lemma service_terms:
  assumes i: "i \<in> {1..d}"
  shows "(\<Sum>j\<in>children par d i. mu i j * exp ((q i - q j) / 2)) + mu i 0 * exp (q i / 2)
       = mu_tot par d mu i / m i * subtree_rate i"
proof -
  have "(\<Sum>j\<in>children par d i. mu i j * exp ((q i - q j) / 2))
      = mu_tot par d mu i / m i * (\<Sum>j\<in>children par d i. m j)"
    using edge_term[OF i] by (simp add: sum_distrib_left)
  moreover have "mu i 0 * exp (q i / 2) = mu_tot par d mu i / m i * exit_flow i"
    using exp_half_q[OF i] mu_tot_pos[rule_format, OF i] unfolding exit_flow_def by simp
  ultimately show ?thesis
    unfolding subtree_rate_def by (simp add: distrib_left)
qed

lemma node_contribution:
  assumes i: "i \<in> {1..d}" and ge: "b i \<longrightarrow> b' i"
  shows "(if b' i then (\<Sum>j\<in>children par d i. mu i j * exp ((q i - q j) / 2)) + mu i 0 * exp (q i / 2)
          else mu_tot par d mu i)
       = subtree_rate i + mu_tot par d mu i - m i"
  using service_terms[OF i] m_eq[OF i] m_pos[OF i] ge by auto

lemma sum_subtree_rate: "(\<Sum>i\<in>{1..d}. subtree_rate i) = (\<Sum>i\<in>{1..d}. m i) - m 1 + lam"
  using sum_children_nodes[OF tree, of m] total_exit_flow
  unfolding subtree_rate_def by (simp add: sum.distrib)

theorem Nb_simple_gradient:
  assumes ge: "\<forall>i\<in>{1..d}. b i \<longrightarrow> b' i"
  shows "Nb par d lam mu b' q = lam + (\<Sum>i\<in>{1..d}. mu_tot par d mu i)"
proof -
  have "Nb par d lam mu b' q
      = m 1 + (\<Sum>i\<in>{1..d}. subtree_rate i + mu_tot par d mu i - m i)"
    unfolding Nb_node_sum
    using node_contribution ge exp_minus_half_q[OF root_node] Lam_root lam_pos
    by (intro arg_cong2[where f="(+)"] sum.cong) auto
  also have "\<dots> = lam + (\<Sum>i\<in>{1..d}. mu_tot par d mu i)"
    using sum_subtree_rate by (simp add: sum.distrib sum_subtractf)
  finally show ?thesis .
qed

end

theorem mainTheorem2:
  fixes par :: "nat \<Rightarrow> nat" and d :: nat and lam :: real
    and mu :: "nat \<Rightarrow> nat \<Rightarrow> real" and Lam m :: "nat \<Rightarrow> real"
    and b b' :: "nat \<Rightarrow> bool"
  assumes tree: "is_tree par d"
    and lam_pos: "lam > 0"
    and mu_edge_pos: "\<forall>i\<in>{1..d}. \<forall>j\<in>children par d i. mu i j > 0"
    and mu_exit_nonneg: "\<forall>i\<in>{1..d}. mu i 0 \<ge> 0"
    and mu_tot_pos: "\<forall>i\<in>{1..d}. mu_tot par d mu i > 0"
    and Lam: "arrival_rates par d lam mu Lam"
    and stable: "\<forall>i\<in>{1..d}. Lam i / mu_tot par d mu i < 1"
    and normalized: "lam + (\<Sum>i\<in>{1..d}. mu_tot par d mu i) = 1"
    and m: "simple_rates par d mu Lam b m"
    and ge: "\<forall>i\<in>{1..d}. b i \<longrightarrow> b' i"
  shows "Hb par d lam mu b' (simple_gradient Lam m) = 0"
proof -
  interpret simple_rate_network par d lam mu Lam b m
    using tree lam_pos mu_edge_pos mu_exit_nonneg mu_tot_pos Lam m
    by unfold_locales
  have "Nb par d lam mu b' (simple_gradient Lam m) = 1"
    using Nb_simple_gradient[OF ge] normalized by simp
  thus ?thesis unfolding Hb_def by simp
qed

end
************
» Try it
The listing above is to be restated word for word.

» Finished exercise
lemma service_terms:
  assumes i: "i \<in> {1..d}"
  shows "(\<Sum>j\<in>children par d i. mu i j * exp ((q i - q j) / 2)) + mu i 0 * exp (q i / 2)
       = mu_tot par d mu i / m i * subtree_rate i"
proof -
  have "(\<Sum>j\<in>children par d i. mu i j * exp ((q i - q j) / 2))
      = mu_tot par d mu i / m i * (\<Sum>j\<in>children par d i. m j)"
    using edge_term[OF i] by (simp add: sum_distrib_left)
  moreover have "mu i 0 * exp (q i / 2) = mu_tot par d mu i / m i * exit_flow i"
    using exp_half_q[OF i] mu_tot_pos[rule_format, OF i] unfolding exit_flow_def by simp
  ultimately show ?thesis
    unfolding subtree_rate_def by (simp add: distrib_left)
qed

lemma node_contribution:
  assumes i: "i \<in> {1..d}" and ge: "b i \<longrightarrow> b' i"
  shows "(if b' i then (\<Sum>j\<in>children par d i. mu i j * exp ((q i - q j) / 2)) + mu i 0 * exp (q i / 2)
          else mu_tot par d mu i)
       = subtree_rate i + mu_tot par d mu i - m i"
  using service_terms[OF i] m_eq[OF i] m_pos[OF i] ge by auto

lemma sum_subtree_rate: "(\<Sum>i\<in>{1..d}. subtree_rate i) = (\<Sum>i\<in>{1..d}. m i) - m 1 + lam"
  using sum_children_nodes[OF tree, of m] total_exit_flow
  unfolding subtree_rate_def by (simp add: sum.distrib)

theorem Nb_simple_gradient:
  assumes ge: "\<forall>i\<in>{1..d}. b i \<longrightarrow> b' i"
  shows "Nb par d lam mu b' q = lam + (\<Sum>i\<in>{1..d}. mu_tot par d mu i)"
proof -
  have "Nb par d lam mu b' q
      = m 1 + (\<Sum>i\<in>{1..d}. subtree_rate i + mu_tot par d mu i - m i)"
    unfolding Nb_node_sum
    using node_contribution ge exp_minus_half_q[OF root_node] Lam_root lam_pos
    by (intro arg_cong2[where f="(+)"] sum.cong) auto
  also have "\<dots> = lam + (\<Sum>i\<in>{1..d}. mu_tot par d mu i)"
    using sum_subtree_rate by (simp add: sum.distrib sum_subtractf)
  finally show ?thesis .
qed

end

theorem mainTheorem2:
  fixes par :: "nat \<Rightarrow> nat" and d :: nat and lam :: real
    and mu :: "nat \<Rightarrow> nat \<Rightarrow> real" and Lam m :: "nat \<Rightarrow> real"
    and b b' :: "nat \<Rightarrow> bool"
  assumes tree: "is_tree par d"
    and lam_pos: "lam > 0"
    and mu_edge_pos: "\<forall>i\<in>{1..d}. \<forall>j\<in>children par d i. mu i j > 0"
    and mu_exit_nonneg: "\<forall>i\<in>{1..d}. mu i 0 \<ge> 0"
    and mu_tot_pos: "\<forall>i\<in>{1..d}. mu_tot par d mu i > 0"
    and Lam: "arrival_rates par d lam mu Lam"
    and stable: "\<forall>i\<in>{1..d}. Lam i / mu_tot par d mu i < 1"
    and normalized: "lam + (\<Sum>i\<in>{1..d}. mu_tot par d mu i) = 1"
    and m: "simple_rates par d mu Lam b m"
    and ge: "\<forall>i\<in>{1..d}. b i \<longrightarrow> b' i"
  shows "Hb par d lam mu b' (simple_gradient Lam m) = 0"
proof -
  interpret simple_rate_network par d lam mu Lam b m
    using tree lam_pos mu_edge_pos mu_exit_nonneg mu_tot_pos Lam m
    by unfold_locales
  have "Nb par d lam mu b' (simple_gradient Lam m) = 1"
    using Nb_simple_gradient[OF ge] normalized by simp
  thus ?thesis unfolding Hb_def by simp
qed

end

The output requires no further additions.